ROANOKE TIMES 
                      Copyright (c) 1996, Roanoke Times

DATE: Friday, November 15, 1996              TAG: 9611150025
SECTION: EDITORIAL                PAGE: A-12 EDITION: METRO 


NO MORE FLEMING? NO MORE P.H.?

ROANOKE school officials want to start planning now for new high-school facilities that won't be completed until the year 2004. Good for them.

Starting now creates an opportunity. The business-as-usual task of replacing or refurbishing buildings at Patrick Henry and William Fleming high schools as they start to wear out can be transformed into the exciting challenge of improving city schools in innovative ways to meet the educational imperatives of a new century.

The key point about Superintendent Wayne Harris' timetable is that educational considerations come first. For four years, and with ample avenues for public input, the academic needs of the not-so-distant future are to be thoroughly studied. Only after that are the proposed physical improvements to be designed, financed and constructed.

In other words, ideally anyway, the physical configuration of Roanoke's high-school facilities will follow, rather than dictate, the schools' curricular and programmatic configuration.

If this approach seems nothing more than common sense, it has been as much the exception as the rule in public education. Indeed, a few critics have suspected that some unsuccessful education "reforms" of the past, like open classrooms, were excuses to justify spending less than otherwise would be needed for school construction.

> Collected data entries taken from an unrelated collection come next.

lemma QP_add: "QP n (a + b) = QP n a + QP n b"
  by (simp add: QP_def pderiv1_add pderiv_add algebra_simps)

lemma QP_compP: "compP (m + (2 ^ (n + 1) - 1)) (QP n q) = QP n (compP m q)"
proof (cases m)
  case 0
  have "\<not> 2 ^ (n + 1) \<le> 2 ^ (n + 1) - (1::nat)"
    using zero_less_power[of "2::nat" "n + 1"] by linarith
  with 0 show ?thesis
    by (simp add: QP_def compP_add compP_w1_power_mult compP_w2_power_mult
        pderiv1_compP_0 pderiv_compP_0)
next
  case (Suc e)
  then have "m + (2 ^ (n + 1) - 1) = 2 ^ (n + 1) + e"
    by simp
  with Suc show ?thesis
    by (simp add: QP_def compP_add compP_w1_power_mult compP_w2_power_mult
        compP_pderiv1 compP_pderiv)
qed

definition tsqP :: "H \<Rightarrow> H" where
  "tsqP q = eval2 (w1 + w1\<^sup>2) (w2 + w2\<^sup>2) q"

lemma ring_hom_tsqP: "ring_hom tsqP"
  using ring_hom_eval2 by (auto simp: tsqP_def[abs_def])

lemma pderiv1_tsqP: "pderiv1 (tsqP q) = tsqP (pderiv1 q)"
  and pderiv_tsqP: "pderiv (tsqP q) = tsqP (pderiv q)"
  using eval2_chain_rule[OF ring_hom_id derivation_along_pderiv1, of "w1 + w1\<^sup>2" "w2 + w2\<^sup>2"]
    eval2_chain_rule[OF ring_hom_id derivation_along_pderiv, of "w1 + w1\<^sup>2" "w2 + w2\<^sup>2"]
  by (simp_all add: tsqP_def pderiv1_add pderiv1_mult pderiv_add pderiv_mult power2_eq_square)

lemma compP_tsqP_homogeneous:
  assumes "homogeneous e g"
  shows "compP (e + d) (tsqP g) = coeff (eval2 [:w1, w1\<^sup>2:] [:w2, w2\<^sup>2:] g) d"
proof -
  (* \<Phi> substitutes w_i -> w_i + t w_i^2 in the coefficients and fixes t, so it sends t w_i to
     t w_i + t^2 w_i^2, and hence scale_vars 1 1 g = t^e g to scale_vars 1 1 (tsqP g). *)
  define \<Phi> :: "H poly \<Rightarrow> H poly" where
    "\<Phi> r = poly (map_poly (eval2 [:w1, w1\<^sup>2:] [:w2, w2\<^sup>2:]) r) [:0, 1:]" for r
  have "\<Phi> = (\<lambda>r. poly r [:0, 1:]) \<circ> map_poly (eval2 [:w1, w1\<^sup>2:] [:w2, w2\<^sup>2:])"
    by (auto simp: \<Phi>_def)
  then have \<Phi>: "ring_hom \<Phi>"
    by (simp add: ring_hom_compose ring_hom_poly ring_hom_map_poly ring_hom_eval2)
  have monom_Suc_0: "monom a (Suc 0) + (monom a (Suc 0))\<^sup>2 = [:0, a, a\<^sup>2:]" for a :: H
    by (simp add: monom_Suc monom_0 power2_eq_square)
  have "scale_vars 1 1 (tsqP g) =
      eval2 (scale_vars 1 1 (w1 + w1\<^sup>2)) (scale_vars 1 1 (w2 + w2\<^sup>2)) g"
    by (simp add: tsqP_def ring_hom_eval2_commute[OF ring_hom_scale_vars])
  also have "\<dots> = eval2 (\<Phi> (monom w1 1)) (\<Phi> (monom w2 1)) g"
    by (simp add: scale_vars_def eval2_add eval2_power \<Phi>_def map_poly_monom poly_monom
        monom_Suc_0)
  also have "\<dots> = \<Phi> (scale_vars 1 1 g)"
    by (simp add: scale_vars_def ring_hom_eval2_commute[OF \<Phi>])
  also have "\<dots> = monom 1 e * eval2 [:w1, w1\<^sup>2:] [:w2, w2\<^sup>2:] g"
    using assms unfolding homogeneous_def
    by (simp add: \<Phi>_def map_poly_monom poly_monom) (simp add: monom_altdef mult.commute)
  finally show ?thesis
    by (simp add: compP_def coeff_monom_mult)
qed

lemma compP_tsqP_lowest: "homogeneous e g \<Longrightarrow> compP e (tsqP g) = g"
  using compP_tsqP_homogeneous[of e g 0]
    ring_hom_eval2_commute[OF ring_hom_coeff_0, of "[:w1, w1\<^sup>2:]" "[:w2, w2\<^sup>2:]" g]
  by simp

lemma compP_tsqP_next: "homogeneous e g \<Longrightarrow> compP (Suc e) (tsqP g) = QP 0 g"
  using compP_tsqP_homogeneous[of e g 1]
    eval2_chain_rule[OF ring_hom_coeff_0 derivation_along_coeff_1,
      of "[:w1, w1\<^sup>2:]" "[:w2, w2\<^sup>2:]" g]
  by (simp add: QP_def mult.commute)

definition SqP :: "nat \<Rightarrow> H \<Rightarrow> H" where
  "SqP k q = (\<Sum>d\<le>degree (scale_vars 1 1 q). compP (d + k) (tsqP (compP d q)))"

lemma SqP_eq_sum:
  assumes "\<And>d. L \<le> d \<Longrightarrow> compP d q = 0"
  shows "SqP k q = (\<Sum>d<L. compP (d + k) (tsqP (compP d q)))"
proof -
  let ?f = "\<lambda>d. compP (d + k) (tsqP (compP d q))"
  define M where "M = max L (Suc (degree (scale_vars 1 1 q)))"
  have vanish: "?f d = 0" if "L \<le> d \<or> degree (scale_vars 1 1 q) < d" for d
    using that assms compP_eq_0 by (auto simp: ring_hom_zero[OF ring_hom_tsqP])
  have "SqP k q = sum ?f {..<M}"
    unfolding SqP_def by (rule sum.mono_neutral_left) (auto simp: M_def vanish)
  also have "\<dots> = sum ?f {..<L}"
    by (rule sum.mono_neutral_right) (auto simp: M_def vanish)
  finally show ?thesis .
qed

lemma SqP_add: "SqP k (a + b) = SqP k a + SqP k b"
proof -
  define L where "L = Suc (degree (scale_vars 1 1 a) + degree (scale_vars 1 1 b))"
  have "compP d a = 0" "compP d b = 0" if "L \<le> d" for d
    using that compP_eq_0 by (auto simp: L_def)
  then show ?thesis
    by (simp add: SqP_eq_sum[of L] compP_add ring_hom_add[OF ring_hom_tsqP] sum.distrib)
qed

lemma SqP_compP: "SqP k (compP e q) = compP (e + k) (tsqP (compP e q))"
  by (simp add: SqP_eq_sum[of "Suc e"] compP_compP ring_hom_zero[OF ring_hom_tsqP])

In any case, extraneous factors - the desire to maintain a high school for its sports traditions, for example - have a way of assuming too much importance. Educators and the public alike sometimes find it difficult to think in untraditional ways about schools.

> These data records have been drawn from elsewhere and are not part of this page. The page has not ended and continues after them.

text \<open>The map \<e> : A \<rightarrow> M(R) is given by eL a x = \<e>(a) x and eR a x = x \<e>(a).\<close>

definition partial_module_algebra ::
  "('k::field \<Rightarrow> 'a::ring \<Rightarrow> 'a) \<Rightarrow> ('a \<Rightarrow> ('a \<times> 'a) list \<Rightarrow> ('a \<times> 'a) list)
    \<Rightarrow> ('a \<Rightarrow> ('a \<times> 'a) list \<Rightarrow> ('a \<times> 'a) list) \<Rightarrow> ('a \<Rightarrow> 'a)
    \<Rightarrow> ('k \<Rightarrow> 'r::ring \<Rightarrow> 'r) \<Rightarrow> ('a \<Rightarrow> 'r \<Rightarrow> 'r)
    \<Rightarrow> ('a \<Rightarrow> 'r \<Rightarrow> 'r) \<Rightarrow> ('a \<Rightarrow> 'r \<Rightarrow> 'r) \<Rightarrow> bool" where
  "partial_module_algebra sA DL DR S sR act eL eR \<longleftrightarrow>
     \<comment> \<open>\<cdot> : A \<otimes> R \<rightarrow> R linear, i.e. bilinear in (a,x)\<close>
     (\<forall>x. Vector_Spaces.linear sA sR (\<lambda>a. act a x)) \<and>
     (\<forall>a. Vector_Spaces.linear sR sR (act a)) \<and>
     \<comment> \<open>\<e> : A \<rightarrow> M(R) linear\<close>
     (\<forall>a x y. eL a (x * y) = eL a x * y \<and> eR a (x * y) = x * eR a y \<and>
              x * eL a y = eR a x * y) \<and>
     (\<forall>x. Vector_Spaces.linear sA sR (\<lambda>a. eL a x) \<and> Vector_Spaces.linear sA sR (\<lambda>a. eR a x)) \<and>
     \<comment> \<open>(i)\<close>
     (\<forall>a b x y. act a (x * act b y) = (\<Sum>(p,q)\<leftarrow>D_1b sA DL a b. act p x * act q y)) \<and>
     \<comment> \<open>(ii) \<e>(a)(b\<cdot>x) = a_(1)\<cdot>(S(a_(2))b\<cdot>x), where a_(1)\<otimes>S(a_(2))b = (\<iota>\<otimes>S)((1\<otimes>S^-1(b))\<Delta>(a))\<close>
     (\<forall>a b x. eL a (act b x) = (\<Sum>(p,q)\<leftarrow>D_1a sA DR (inv S b) a. act p (act (S q) x))) \<and>
     (\<forall>a x. eL a x \<in> module.span sR {act b y | b y. True}) \<and>
     \<comment> \<open>(iii)\<close>
     (\<forall>As Xs. finite As \<longrightarrow> finite Xs \<longrightarrow>
        (\<exists>b. \<forall>a\<in>As. a * b = a \<and> b * a = a \<and> (\<forall>x\<in>Xs. act a x = act a (act b x)))) \<and>
     \<comment> \<open>(iv)\<close>
     (\<forall>x. (\<forall>a. act a x = 0) \<longrightarrow> x = 0)"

Should Roanoke continue to have two comprehensive high schools? Or consolidate them into just one? Or build several smaller high schools? Or adopt some combination of big and small?

By national standards, Roanoke's Patrick Henry and William Fleming high schools aren't megaschools But at more than 1,700 and 1,400 students respectively, they are the biggest high schools in the Roanoke Valley, and roughly twice as large as what some researchers have identified as ideal for educational purposes.

Technological advance is also a consideration: The computer age both imposes new demands on schools' educational programs and affords new opportunities for more flexibility in the configuration of school systems' physical facilities.

Many school divisions are so busy playing catch-up - trying to relieve overcrowding or replace already-outworn structures - that they can't enjoy the luxury of waiting until implications of future curricular needs can be more thoroughly explored. This may be the case in Roanoke County, where uneven enrollment growth has led to overcrowding in the Cave Spring area. Failure of a proposed school-construction bond issue - rejected earlier this year by county voters, in part because of a perception that the planning was too ad hoc - has left the situation unresolved.

City school officials can't be credited for the relative compactness and population stability of their district. They can be credited for taking advantage of this situation, and for recognizing the importance of planning in putting the educational-needs horse before the capital-needs cart.